**TASK DIRECTIONS**: Each line below is to be written out in full, exactly as shown.

═════ DATA LISTING

lemma contract_inf_change_points:
  "contract_inf f =
     (if finite (change_points f) then FinT (map f (sorted_list_of_set (change_points f)))
      else InfT (f \<circ> enumerate (change_points f)))"
  by (simp add: contract_inf_def change_points_def)

lemma remdups_adj_map_upt:
  "remdups_adj (map f [0..<Suc m]) = map f (filter (\<lambda>n. n \<in> change_points f) [0..<Suc m])"
proof (induction m)
  case (Suc m)
  have "remdups_adj (map f [0..<Suc (Suc m)]) = remdups_adj (map f [0..<Suc m] @ [f (Suc m)])"
    by simp
  also have "\<dots> = remdups_adj (map f [0..<Suc m]) @ (if f (Suc m) = f m then [] else [f (Suc m)])"
    by (subst remdups_adj_append'') (auto simp: last_map)
  also have "\<dots> = map f (filter (\<lambda>n. n \<in> change_points f) [0..<Suc (Suc m)])"
    unfolding Suc.IH upt_Suc_append[of 0 "Suc m"] filter_append map_append
    by (simp add: change_points_def)
  finally show ?case .
qed (simp add: change_points_def)

lemma contract_inf_eventually_const:
  assumes "\<forall>n\<ge>N. f n = f N"
  shows "contract_inf f = FinT (remdups_adj (map f [0..<Suc N]))"
proof -
  define ns where "ns = filter (\<lambda>n. n \<in> change_points f) [0..<Suc N]"
  have "n < Suc N" if "n \<in> change_points f" for n
  proof (rule ccontr)
    assume "\<not> n < Suc N"
    then have "f n = f N" "f (n - 1) = f N" "n \<noteq> 0"
      using assms[rule_format, of n] assms[rule_format, of "n - 1"] by auto
    then show False
      using that by (simp add: change_points_def)
  qed
  then have "change_points f = set ns"
    by (auto simp: ns_def simp del: upt_Suc)
  moreover have "sorted_list_of_set (set ns) = ns"
    unfolding ns_def
    by (intro sorted_list_of_set.idem_if_sorted_distinct sorted_wrt_filter) (simp_all del: upt_Suc)
  ultimately have "contract_inf f = FinT (map f ns)"
    by (simp add: contract_inf_change_points)
  then show ?thesis
    by (simp add: remdups_adj_map_upt ns_def del: upt_Suc)
qed

lemma contract_inf_FinT_imp_eventually_const:
  assumes "contract_inf f = FinT l"
  obtains N where "\<forall>n\<ge>N. f n = f N"
proof
  let ?N = "Max (change_points f)"
  have fin: "finite (change_points f)"
    using assms by (auto simp: contract_inf_change_points split: if_splits)
  show "\<forall>n\<ge>?N. f n = f ?N"
  proof (intro allI impI)
    fix n assume "?N \<le> n"
    then show "f n = f ?N"
    proof (induction n rule: dec_induct)
      case (step m)
      then have "Suc m \<notin> change_points f"
        using Max_ge[OF fin, of "Suc m"] by auto
      then show ?case
        using step.IH by (simp add: change_points_def)
    qed simp
  qed
qed

lemma contract_inf_comp_FinT:
  assumes "contract_inf (C \<circ> f) = FinT l"
  obtains N where "\<forall>n\<ge>N. C (f n) = C (f N)" "l = remdups_adj (map C (map f [0..<Suc N]))"
proof -
  obtain N where N: "\<forall>n\<ge>N. (C \<circ> f) n = (C \<circ> f) N"
    using contract_inf_FinT_imp_eventually_const[OF assms] .
  then have "contract_inf (C \<circ> f) = FinT (remdups_adj (map (C \<circ> f) [0..<Suc N]))"
    by (rule contract_inf_eventually_const)
  then have "l = remdups_adj (map C (map f [0..<Suc N]))"
    using assms by (simp del: upt_Suc)
  moreover have "\<forall>n\<ge>N. C (f n) = C (f N)"
    using N unfolding comp_def .
  ultimately show thesis
    using that by blast
qed

lemma remdups_adj_const:
  "xs \<noteq> [] \<Longrightarrow> \<forall>x\<in>set xs. x = c \<Longrightarrow> remdups_adj xs = [c]"
  by (induction xs rule: remdups_adj.induct) auto

lemma remdups_adj_const_append:
  assumes "xs \<noteq> []" "\<forall>x\<in>set xs. x = c" "ys = [] \<or> hd ys \<noteq> c"
  shows "remdups_adj (xs @ ys) = c # remdups_adj ys"
proof -
  have "last xs = c"
    using assms(1,2) by simp
  then have "remdups_adj (xs @ ys) = remdups_adj xs @ remdups_adj ys"
    using assms(3) by (intro remdups_adj_append') auto
  then show ?thesis
    using remdups_adj_const[OF assms(1,2)] by simp
qed

lemma enumerate_range_strict_mono:
  fixes q :: "nat \<Rightarrow> nat"
  assumes "strict_mono q"
  shows "enumerate (range q) = q"
proof
  have inf: "infinite (range q)"
    using assms strict_mono_imp_inj_on range_inj_infinite by blast
  fix k
  show "enumerate (range q) k = q k"
  proof (induction k)
    case 0
    have "(LEAST n. n \<in> range q) = q 0"
      using assms by (intro Least_equality) (auto simp: strict_mono_less_eq)
    then show ?case
      by (simp add: enumerate_0)
  next
    case (Suc k)
    have "(LEAST n. n \<in> range q \<and> q k < n) = q (Suc k)"
      using assms by (intro Least_equality) (auto simp: strict_mono_less strict_mono_less_eq Suc_le_eq)
    then show ?case
      using Suc enumerate_Suc''[OF inf, of k] by simp
  qed
qed

lemma contract_inf_idx_sequence_blocks:
  assumes iseq: "idx_sequence q"
    and block: "\<And>k n. q k \<le> n \<Longrightarrow> n < q (Suc k) \<Longrightarrow> f n = f (q k)"
    and change: "\<And>k. f (q (Suc k)) \<noteq> f (q k)"
  shows "contract_inf f = InfT (f \<circ> q)"
proof -
  have mono: "strict_mono q"
    using iseq by (simp add: idx_sequence_def strict_mono_Suc_iff)
  have "change_points f = range q"
  proof (intro set_eqI iffI)
    fix n assume n: "n \<in> change_points f"
    obtain k where k: "q k \<le> n" "n < q (Suc k)"
      using idx_sequence_interval[OF iseq, of n] by auto
    show "n \<in> range q"
    proof (rule ccontr)
      assume "n \<notin> range q"
      then have "q k < n"
        using k(1) by (auto simp: le_less)
      then have "q k \<le> n - 1" "n \<noteq> 0"
        by auto
      then have "f n = f (n - 1)"
        using k block[of k n] block[of k "n - 1"] by simp
      then show False
        using n \<open>n \<noteq> 0\<close> by (simp add: change_points_def)
    qed
  next
    fix n assume "n \<in> range q"
    then obtain k where n: "n = q k"
      by auto
    show "n \<in> change_points f"
    proof (cases k)
      case 0
      then show ?thesis
        using n iseq by (simp add: idx_sequence_def change_points_def)
    next
      case (Suc j)
      have "q j < q k"
        using mono Suc by (simp add: strict_mono_less)
      then have "f (q k - 1) = f (q j)"
        using block[of j "q k - 1"] Suc by simp
      then show ?thesis
        using change[of j] n Suc by (simp add: change_points_def)
    qed
  qed
  moreover have "infinite (range q)"
    using mono strict_mono_imp_inj_on range_inj_infinite by blast
  ultimately show ?thesis
    using enumerate_range_strict_mono[OF mono] by (simp add: contract_inf_change_points)
qed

══════════

**THE ANSWER**:
lemma contract_inf_change_points:
  "contract_inf f =
     (if finite (change_points f) then FinT (map f (sorted_list_of_set (change_points f)))
      else InfT (f \<circ> enumerate (change_points f)))"
  by (simp add: contract_inf_def change_points_def)

lemma remdups_adj_map_upt:
  "remdups_adj (map f [0..<Suc m]) = map f (filter (\<lambda>n. n \<in> change_points f) [0..<Suc m])"
proof (induction m)
  case (Suc m)
  have "remdups_adj (map f [0..<Suc (Suc m)]) = remdups_adj (map f [0..<Suc m] @ [f (Suc m)])"
    by simp
  also have "\<dots> = remdups_adj (map f [0..<Suc m]) @ (if f (Suc m) = f m then [] else [f (Suc m)])"
    by (subst remdups_adj_append'') (auto simp: last_map)
  also have "\<dots> = map f (filter (\<lambda>n. n \<in> change_points f) [0..<Suc (Suc m)])"
    unfolding Suc.IH upt_Suc_append[of 0 "Suc m"] filter_append map_append
    by (simp add: change_points_def)
  finally show ?case .
qed (simp add: change_points_def)

lemma contract_inf_eventually_const:
  assumes "\<forall>n\<ge>N. f n = f N"
  shows "contract_inf f = FinT (remdups_adj (map f [0..<Suc N]))"
proof -
  define ns where "ns = filter (\<lambda>n. n \<in> change_points f) [0..<Suc N]"
  have "n < Suc N" if "n \<in> change_points f" for n
  proof (rule ccontr)
    assume "\<not> n < Suc N"
    then have "f n = f N" "f (n - 1) = f N" "n \<noteq> 0"
      using assms[rule_format, of n] assms[rule_format, of "n - 1"] by auto
    then show False
      using that by (simp add: change_points_def)
  qed
  then have "change_points f = set ns"
    by (auto simp: ns_def simp del: upt_Suc)
  moreover have "sorted_list_of_set (set ns) = ns"
    unfolding ns_def
    by (intro sorted_list_of_set.idem_if_sorted_distinct sorted_wrt_filter) (simp_all del: upt_Suc)
  ultimately have "contract_inf f = FinT (map f ns)"
    by (simp add: contract_inf_change_points)
  then show ?thesis
    by (simp add: remdups_adj_map_upt ns_def del: upt_Suc)
qed

lemma contract_inf_FinT_imp_eventually_const:
  assumes "contract_inf f = FinT l"
  obtains N where "\<forall>n\<ge>N. f n = f N"
proof
  let ?N = "Max (change_points f)"
  have fin: "finite (change_points f)"
    using assms by (auto simp: contract_inf_change_points split: if_splits)
  show "\<forall>n\<ge>?N. f n = f ?N"
  proof (intro allI impI)
    fix n assume "?N \<le> n"
    then show "f n = f ?N"
    proof (induction n rule: dec_induct)
      case (step m)
      then have "Suc m \<notin> change_points f"
        using Max_ge[OF fin, of "Suc m"] by auto
      then show ?case
        using step.IH by (simp add: change_points_def)
    qed simp
  qed
qed

lemma contract_inf_comp_FinT:
  assumes "contract_inf (C \<circ> f) = FinT l"
  obtains N where "\<forall>n\<ge>N. C (f n) = C (f N)" "l = remdups_adj (map C (map f [0..<Suc N]))"
proof -
  obtain N where N: "\<forall>n\<ge>N. (C \<circ> f) n = (C \<circ> f) N"
    using contract_inf_FinT_imp_eventually_const[OF assms] .
  then have "contract_inf (C \<circ> f) = FinT (remdups_adj (map (C \<circ> f) [0..<Suc N]))"
    by (rule contract_inf_eventually_const)
  then have "l = remdups_adj (map C (map f [0..<Suc N]))"
    using assms by (simp del: upt_Suc)
  moreover have "\<forall>n\<ge>N. C (f n) = C (f N)"
    using N unfolding comp_def .
  ultimately show thesis
    using that by blast
qed

lemma remdups_adj_const:
  "xs \<noteq> [] \<Longrightarrow> \<forall>x\<in>set xs. x = c \<Longrightarrow> remdups_adj xs = [c]"
  by (induction xs rule: remdups_adj.induct) auto

lemma remdups_adj_const_append:
  assumes "xs \<noteq> []" "\<forall>x\<in>set xs. x = c" "ys = [] \<or> hd ys \<noteq> c"
  shows "remdups_adj (xs @ ys) = c # remdups_adj ys"
proof -
  have "last xs = c"
    using assms(1,2) by simp
  then have "remdups_adj (xs @ ys) = remdups_adj xs @ remdups_adj ys"
    using assms(3) by (intro remdups_adj_append') auto
  then show ?thesis
    using remdups_adj_const[OF assms(1,2)] by simp
qed

lemma enumerate_range_strict_mono:
  fixes q :: "nat \<Rightarrow> nat"
  assumes "strict_mono q"
  shows "enumerate (range q) = q"
proof
  have inf: "infinite (range q)"
    using assms strict_mono_imp_inj_on range_inj_infinite by blast
  fix k
  show "enumerate (range q) k = q k"
  proof (induction k)
    case 0
    have "(LEAST n. n \<in> range q) = q 0"
      using assms by (intro Least_equality) (auto simp: strict_mono_less_eq)
    then show ?case
      by (simp add: enumerate_0)
  next
    case (Suc k)
    have "(LEAST n. n \<in> range q \<and> q k < n) = q (Suc k)"
      using assms by (intro Least_equality) (auto simp: strict_mono_less strict_mono_less_eq Suc_le_eq)
    then show ?case
      using Suc enumerate_Suc''[OF inf, of k] by simp
  qed
qed

lemma contract_inf_idx_sequence_blocks:
  assumes iseq: "idx_sequence q"
    and block: "\<And>k n. q k \<le> n \<Longrightarrow> n < q (Suc k) \<Longrightarrow> f n = f (q k)"
    and change: "\<And>k. f (q (Suc k)) \<noteq> f (q k)"
  shows "contract_inf f = InfT (f \<circ> q)"
proof -
  have mono: "strict_mono q"
    using iseq by (simp add: idx_sequence_def strict_mono_Suc_iff)
  have "change_points f = range q"
  proof (intro set_eqI iffI)
    fix n assume n: "n \<in> change_points f"
    obtain k where k: "q k \<le> n" "n < q (Suc k)"
      using idx_sequence_interval[OF iseq, of n] by auto
    show "n \<in> range q"
    proof (rule ccontr)
      assume "n \<notin> range q"
      then have "q k < n"
        using k(1) by (auto simp: le_less)
      then have "q k \<le> n - 1" "n \<noteq> 0"
        by auto
      then have "f n = f (n - 1)"
        using k block[of k n] block[of k "n - 1"] by simp
      then show False
        using n \<open>n \<noteq> 0\<close> by (simp add: change_points_def)
    qed
  next
    fix n assume "n \<in> range q"
    then obtain k where n: "n = q k"
      by auto
    show "n \<in> change_points f"
    proof (cases k)
      case 0
      then show ?thesis
        using n iseq by (simp add: idx_sequence_def change_points_def)
    next
      case (Suc j)
      have "q j < q k"
        using mono Suc by (simp add: strict_mono_less)
      then have "f (q k - 1) = f (q j)"
        using block[of j "q k - 1"] Suc by simp
      then show ?thesis
        using change[of j] n Suc by (simp add: change_points_def)
    qed
  qed
  moreover have "infinite (range q)"
    using mono strict_mono_imp_inj_on range_inj_infinite by blast
  ultimately show ?thesis
    using enumerate_range_strict_mono[OF mono] by (simp add: contract_inf_change_points)
qed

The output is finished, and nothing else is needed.